Start of Available data
lemma derandomize_with_advice:
  assumes R: "rand_alg_with_advice V M b"
    and meas: "\<forall>\<sigma>\<in>V. (\<lambda>D. alg_cost cost D \<sigma>) \<in> borel_measurable M"
    and I: "inputs_bounded_by V I" and "0 < \<epsilon>"
  shows "\<exists>ALG. (\<forall>\<sigma>\<in>V. ennreal (alg_cost cost ALG \<sigma>) \<le> ennreal (1 + \<epsilon>) * expected_cost cost M \<sigma>)
    \<and> (\<forall>\<sigma>\<in>V. reads_at_most ALG \<sigma> (real (b (length \<sigma>)) + 8 * (log 2 (real (length \<sigma>) + 2)
          + log 2 (log 2 (real (I (length \<sigma>)) + 2)) + log 2 (1 / \<epsilon> + 2))))"
proof -
  interpret prob_space M
    using R by (simp add: rand_alg_with_advice_def)
  define good where
    "good \<sigma> = {D\<in>space M. ennreal (alg_cost cost D \<sigma>) \<le> ennreal (1 + \<epsilon>) * expected_cost cost M \<sigma>}"
    for \<sigma>
  have good: "good \<sigma> \<in> events" "1 - 1 / (1 + \<epsilon>) \<le> prob (good \<sigma>)" if "\<sigma> \<in> V" for \<sigma>
  proof -
    have "(\<lambda>D. ennreal (alg_cost cost D \<sigma>)) \<in> borel_measurable M"
      using meas that measurable_compose[OF _ measurable_ennreal] by blast
    then show "good \<sigma> \<in> events" "1 - 1 / (1 + \<epsilon>) \<le> prob (good \<sigma>)"
      using prob_le_mult_nn_integral[of _ "1 + \<epsilon>"] \<open>0 < \<epsilon>\<close>
      unfolding good_def expected_cost_def by (measurable, simp)
  qed
  define h where "h n = nat \<lceil>1 / \<epsilon>\<rceil> * ceillog2 (Suc (I n))" for n
  have covers: "\<forall>n. \<exists>ds. set ds \<subseteq> space M \<and> length ds \<le> h n
      \<and> (\<forall>\<sigma>\<in>{\<sigma>\<in>V. length \<sigma> = n}. \<exists>D\<in>set ds. D \<in> good \<sigma>)"
    using I good \<open>0 < \<epsilon>\<close> unfolding h_def inputs_bounded_by_def by (intro allI exists_short_cover) auto
  obtain ds where ds: "\<forall>n. set (ds n) \<subseteq> space M \<and> length (ds n) \<le> h n
      \<and> (\<forall>\<sigma>\<in>{\<sigma>\<in>V. length \<sigma> = n}. \<exists>D\<in>set (ds n). D \<in> good \<sigma>)"
    using choice[OF covers] by blast
  have "\<forall>\<sigma>\<in>V. \<exists>j. j < length (ds (length \<sigma>)) \<and> ds (length \<sigma>) ! j \<in> good \<sigma>"
    using ds by (metis (mono_tags, lifting) in_set_conv_nth mem_Collect_eq)
  then obtain js where js: "\<forall>\<sigma>\<in>V. js \<sigma> < length (ds (length \<sigma>)) \<and> ds (length \<sigma>) ! js \<sigma> \<in> good \<sigma>"
    by (rule bchoice[THEN exE])
  show ?thesis
  proof (intro exI[of _ "(select_alg ds, select_oracle ds js)"] conjI ballI)
    fix \<sigma> assume "\<sigma> \<in> V"
    have "ds (length \<sigma>) ! js \<sigma> \<in> space M"
      using ds js \<open>\<sigma> \<in> V\<close> by (meson nth_mem subsetD)
    then have "reads_at_most (ds (length \<sigma>) ! js \<sigma>) \<sigma> (real (b (length \<sigma>)))"
      using R \<open>\<sigma> \<in> V\<close> by (simp add: rand_alg_with_advice_def advice_complexity_le_def)
    note select = reads_at_most_select_alg[where ds = ds and js = js, OF this]
    show "ennreal (alg_cost cost (select_alg ds, select_oracle ds js) \<sigma>) \<le> ennreal (1 + \<epsilon>) * expected_cost cost M \<sigma>"
      using js \<open>\<sigma> \<in> V\<close> by (simp add: alg_cost_def select(1) good_def)
    have "js \<sigma> < h (length \<sigma>)"
      using js ds \<open>\<sigma> \<in> V\<close> by (meson order_less_le_trans)
    then have "real (header_len (length \<sigma>) (js \<sigma>)) \<le> 8 * (log 2 (real (length \<sigma>) + 2)
          + log 2 (log 2 (real (I (length \<sigma>)) + 2)) + log 2 (1 / \<epsilon> + 2))"
      using \<open>0 < \<epsilon>\<close> unfolding h_def by (rule header_len_le)
    then show "reads_at_most (select_alg ds, select_oracle ds js) \<sigma> (real (b (length \<sigma>)) + 8 * (log 2 (real (length \<sigma>) + 2)
          + log 2 (log 2 (real (I (length \<sigma>)) + 2)) + log 2 (1 / \<epsilon> + 2)))"
      by (intro reads_at_most_mono[OF select(2)]) simp
  qed
qed

lemma power_plus_two_le: "x ^ k + 2 \<le> (x + 2) ^ (k + 2)" if "0 \<le> x" for x :: real
proof -
  have "x ^ k \<le> (x + 2) ^ k" "1 \<le> (x + 2) ^ k"
    using that by (auto intro: power_mono one_le_power)
  moreover have "4 \<le> (x + 2) ^ 2"
    using that by (simp add: power2_eq_square algebra_simps)
  moreover have "(x + 2) ^ k * 4 \<le> (x + 2) ^ k * (x + 2) ^ 2"
    using calculation(3) that by (intro mult_left_mono) auto
  ultimately have "x ^ k + 2 \<le> (x + 2) ^ k * (x + 2) ^ 2"
    by linarith
  then show ?thesis
    by (simp only: power_add)
qed

lemma log_log_le_of_exp_poly:
  assumes growth: "\<forall>n\<ge>N. real (I n) \<le> 2 powr (real n ^ k)"
  shows "\<exists>K\<ge>0. \<forall>n. log 2 (log 2 (real (I n) + 2)) \<le> K + real (k + 2) * log 2 (real n + 2)"
proof (intro exI conjI allI)
  have loglog_nonneg: "0 \<le> log 2 (log 2 (real m + 2))" for m
    by (subst zero_le_log_cancel_iff) auto
  define K where "K = (\<Sum>m<N. log 2 (log 2 (real (I m) + 2)))"
  show "0 \<le> K"
    unfolding K_def by (intro sum_nonneg loglog_nonneg)
  fix n
  have pos: "0 \<le> real (k + 2) * log 2 (real n + 2)"
    by simp
  have small: "log 2 (log 2 (real (I n) + 2)) \<le> K" if "n < N"
    unfolding K_def using that by (intro member_le_sum loglog_nonneg) auto
  have large: "log 2 (log 2 (real (I n) + 2)) \<le> real (k + 2) * log 2 (real n + 2)" if "N \<le> n"
  proof -
    have "real (I n) + 2 \<le> 2 powr (real n ^ k + 2)"
      using growth that ge_one_powr_ge_zero[of 2 "real n ^ k"] by (auto simp: powr_add)
    then have "log 2 (real (I n) + 2) \<le> real n ^ k + 2"
      by (subst log_le_iff) auto
    then have "log 2 (log 2 (real (I n) + 2)) \<le> log 2 ((real n + 2) ^ (k + 2))"
      using power_plus_two_le[of "real n" k] by (intro log_mono) auto
    also have "\<dots> = real (k + 2) * log 2 (real n + 2)"
      by (rule log_nat_power) simp
    finally show ?thesis .
  qed
  show "log 2 (log 2 (real (I n) + 2)) \<le> K + real (k + 2) * log 2 (real n + 2)"
  proof (cases "n < N")
    case True
    then show ?thesis
      using small pos by linarith
  next
    case False
    then show ?thesis
      using large \<open>0 \<le> K\<close> by simp
  qed
qed

lemma derandomize_with_log_advice:
  assumes R: "rand_alg_with_advice V M b"
    and meas: "\<forall>\<sigma>\<in>V. (\<lambda>D. alg_cost cost D \<sigma>) \<in> borel_measurable M"
    and I: "inputs_bounded_by V I" and "0 < \<epsilon>"
    and growth: "\<forall>n\<ge>N. real (I n) \<le> 2 powr (real n ^ k)"
  shows "\<exists>ALG. (\<forall>\<sigma>\<in>V. ennreal (alg_cost cost ALG \<sigma>) \<le> ennreal (1 + \<epsilon>) * expected_cost cost M \<sigma>)
    \<and> (\<exists>C. \<forall>\<sigma>\<in>V. reads_at_most ALG \<sigma> (real (b (length \<sigma>)) + C * log 2 (real (length \<sigma>) + 2)))"
proof -
  obtain ALG where cost: "\<forall>\<sigma>\<in>V. ennreal (alg_cost cost ALG \<sigma>) \<le> ennreal (1 + \<epsilon>) * expected_cost cost M \<sigma>"
    and reads: "\<forall>\<sigma>\<in>V. reads_at_most ALG \<sigma> (real (b (length \<sigma>)) + 8 * (log 2 (real (length \<sigma>) + 2)
          + log 2 (log 2 (real (I (length \<sigma>)) + 2)) + log 2 (1 / \<epsilon> + 2)))"
    using derandomize_with_advice[OF R meas I \<open>0 < \<epsilon>\<close>] by blast
  obtain K where "0 \<le> K" and K: "\<And>n. log 2 (log 2 (real (I n) + 2)) \<le> K + real (k + 2) * log 2 (real n + 2)"
    using log_log_le_of_exp_poly[OF growth] by blast
  define c where "c = log 2 (1 / \<epsilon> + 2)"
  have "1 \<le> c"
    using \<open>0 < \<epsilon>\<close> unfolding c_def by (subst le_log_iff) (auto simp: add_pos_pos)
  have "reads_at_most ALG \<sigma> (real (b (length \<sigma>)) + 8 * (1 + K + real (k + 2) + c) * log 2 (real (length \<sigma>) + 2))"
    if "\<sigma> \<in> V" for \<sigma>
  proof (rule reads_at_most_mono[OF reads[rule_format, OF that]])
    define a where "a = log 2 (real (length \<sigma>) + 2)"
    have "1 \<le> a"
      by (simp add: a_def)
    then have "K \<le> K * a" "c \<le> c * a"
      using \<open>0 \<le> K\<close> \<open>1 \<le> c\<close> by (simp_all add: mult_le_cancel_left1)
    then show "real (b (length \<sigma>)) + 8 * (log 2 (real (length \<sigma>) + 2)
          + log 2 (log 2 (real (I (length \<sigma>)) + 2)) + log 2 (1 / \<epsilon> + 2))
        \<le> real (b (length \<sigma>)) + 8 * (1 + K + real (k + 2) + c) * log 2 (real (length \<sigma>) + 2)"
      using K[of "length \<sigma>"] unfolding a_def[symmetric] c_def[symmetric] by (simp add: algebra_simps)
  qed
  with cost show ?thesis
    by blast
qed

theorem theorem16:
  shows
  "(\<exists>C::real. \<forall>(V::'r list set) (cost::'r list \<Rightarrow> 'a list \<Rightarrow> real)
        (M::('r,'a) det_alg measure) (b::nat \<Rightarrow> nat) (I::nat \<Rightarrow> nat) (\<epsilon>::real).
      online_min_problem V cost \<and> rand_alg_with_advice V M b
      \<and> (\<forall>\<sigma>\<in>V. (\<lambda>D. alg_cost cost D \<sigma>) \<in> borel_measurable M)
      \<and> inputs_bounded_by V I \<and> \<epsilon> > 0 \<longrightarrow>
      (\<exists>ALG::('r,'a) det_alg.
         (\<forall>\<sigma>\<in>V. ennreal (alg_cost cost ALG \<sigma>) \<le> ennreal (1 + \<epsilon>) * expected_cost cost M \<sigma>)
       \<and> (\<forall>\<sigma>\<in>V. reads_at_most ALG \<sigma>
             (real (b (length \<sigma>)) + C * (log 2 (real (length \<sigma>) + 2)
                + log 2 (log 2 (real (I (length \<sigma>)) + 2)) + log 2 (1 / \<epsilon> + 2))))))
   \<and>
   (\<forall>(V::'r list set) (cost::'r list \<Rightarrow> 'a list \<Rightarrow> real)
        (M::('r,'a) det_alg measure) (b::nat \<Rightarrow> nat) (I::nat \<Rightarrow> nat) (\<epsilon>::real).
      online_min_problem V cost \<and> rand_alg_with_advice V M b
      \<and> (\<forall>\<sigma>\<in>V. (\<lambda>D. alg_cost cost D \<sigma>) \<in> borel_measurable M)
      \<and> inputs_bounded_by V I \<and> \<epsilon> > 0
      \<and> (\<exists>k::nat. \<exists>N::nat. \<forall>n\<ge>N. real (I n) \<le> 2 powr (real n ^ k)) \<longrightarrow>
      (\<exists>ALG::('r,'a) det_alg.
         (\<forall>\<sigma>\<in>V. ennreal (alg_cost cost ALG \<sigma>) \<le> ennreal (1 + \<epsilon>) * expected_cost cost M \<sigma>)
       \<and> (\<exists>C::real. \<forall>\<sigma>\<in>V. reads_at_most ALG \<sigma>
             (real (b (length \<sigma>)) + C * log 2 (real (length \<sigma>) + 2)))))"
  by (intro conjI exI[of _ 8] allI impI; elim conjE exE)
    (blast intro: derandomize_with_advice derandomize_with_log_advice)+

end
End of Available data
- **About this task**
Using the entries above, give again exactly the lines from the line holding "define good where" through the line holding "ds. D \<in>". Include both end lines and nothing else.

- **Written solution**
  define good where
    "good \<sigma> = {D\<in>space M. ennreal (alg_cost cost D \<sigma>) \<le> ennreal (1 + \<epsilon>) * expected_cost cost M \<sigma>}"
    for \<sigma>
  have good: "good \<sigma> \<in> events" "1 - 1 / (1 + \<epsilon>) \<le> prob (good \<sigma>)" if "\<sigma> \<in> V" for \<sigma>
  proof -
    have "(\<lambda>D. ennreal (alg_cost cost D \<sigma>)) \<in> borel_measurable M"
      using meas that measurable_compose[OF _ measurable_ennreal] by blast
    then show "good \<sigma> \<in> events" "1 - 1 / (1 + \<epsilon>) \<le> prob (good \<sigma>)"
      using prob_le_mult_nn_integral[of _ "1 + \<epsilon>"] \<open>0 < \<epsilon>\<close>
      unfolding good_def expected_cost_def by (measurable, simp)
  qed
  define h where "h n = nat \<lceil>1 / \<epsilon>\<rceil> * ceillog2 (Suc (I n))" for n
  have covers: "\<forall>n. \<exists>ds. set ds \<subseteq> space M \<and> length ds \<le> h n
      \<and> (\<forall>\<sigma>\<in>{\<sigma>\<in>V. length \<sigma> = n}. \<exists>D\<in>set ds. D \<in> good \<sigma>)"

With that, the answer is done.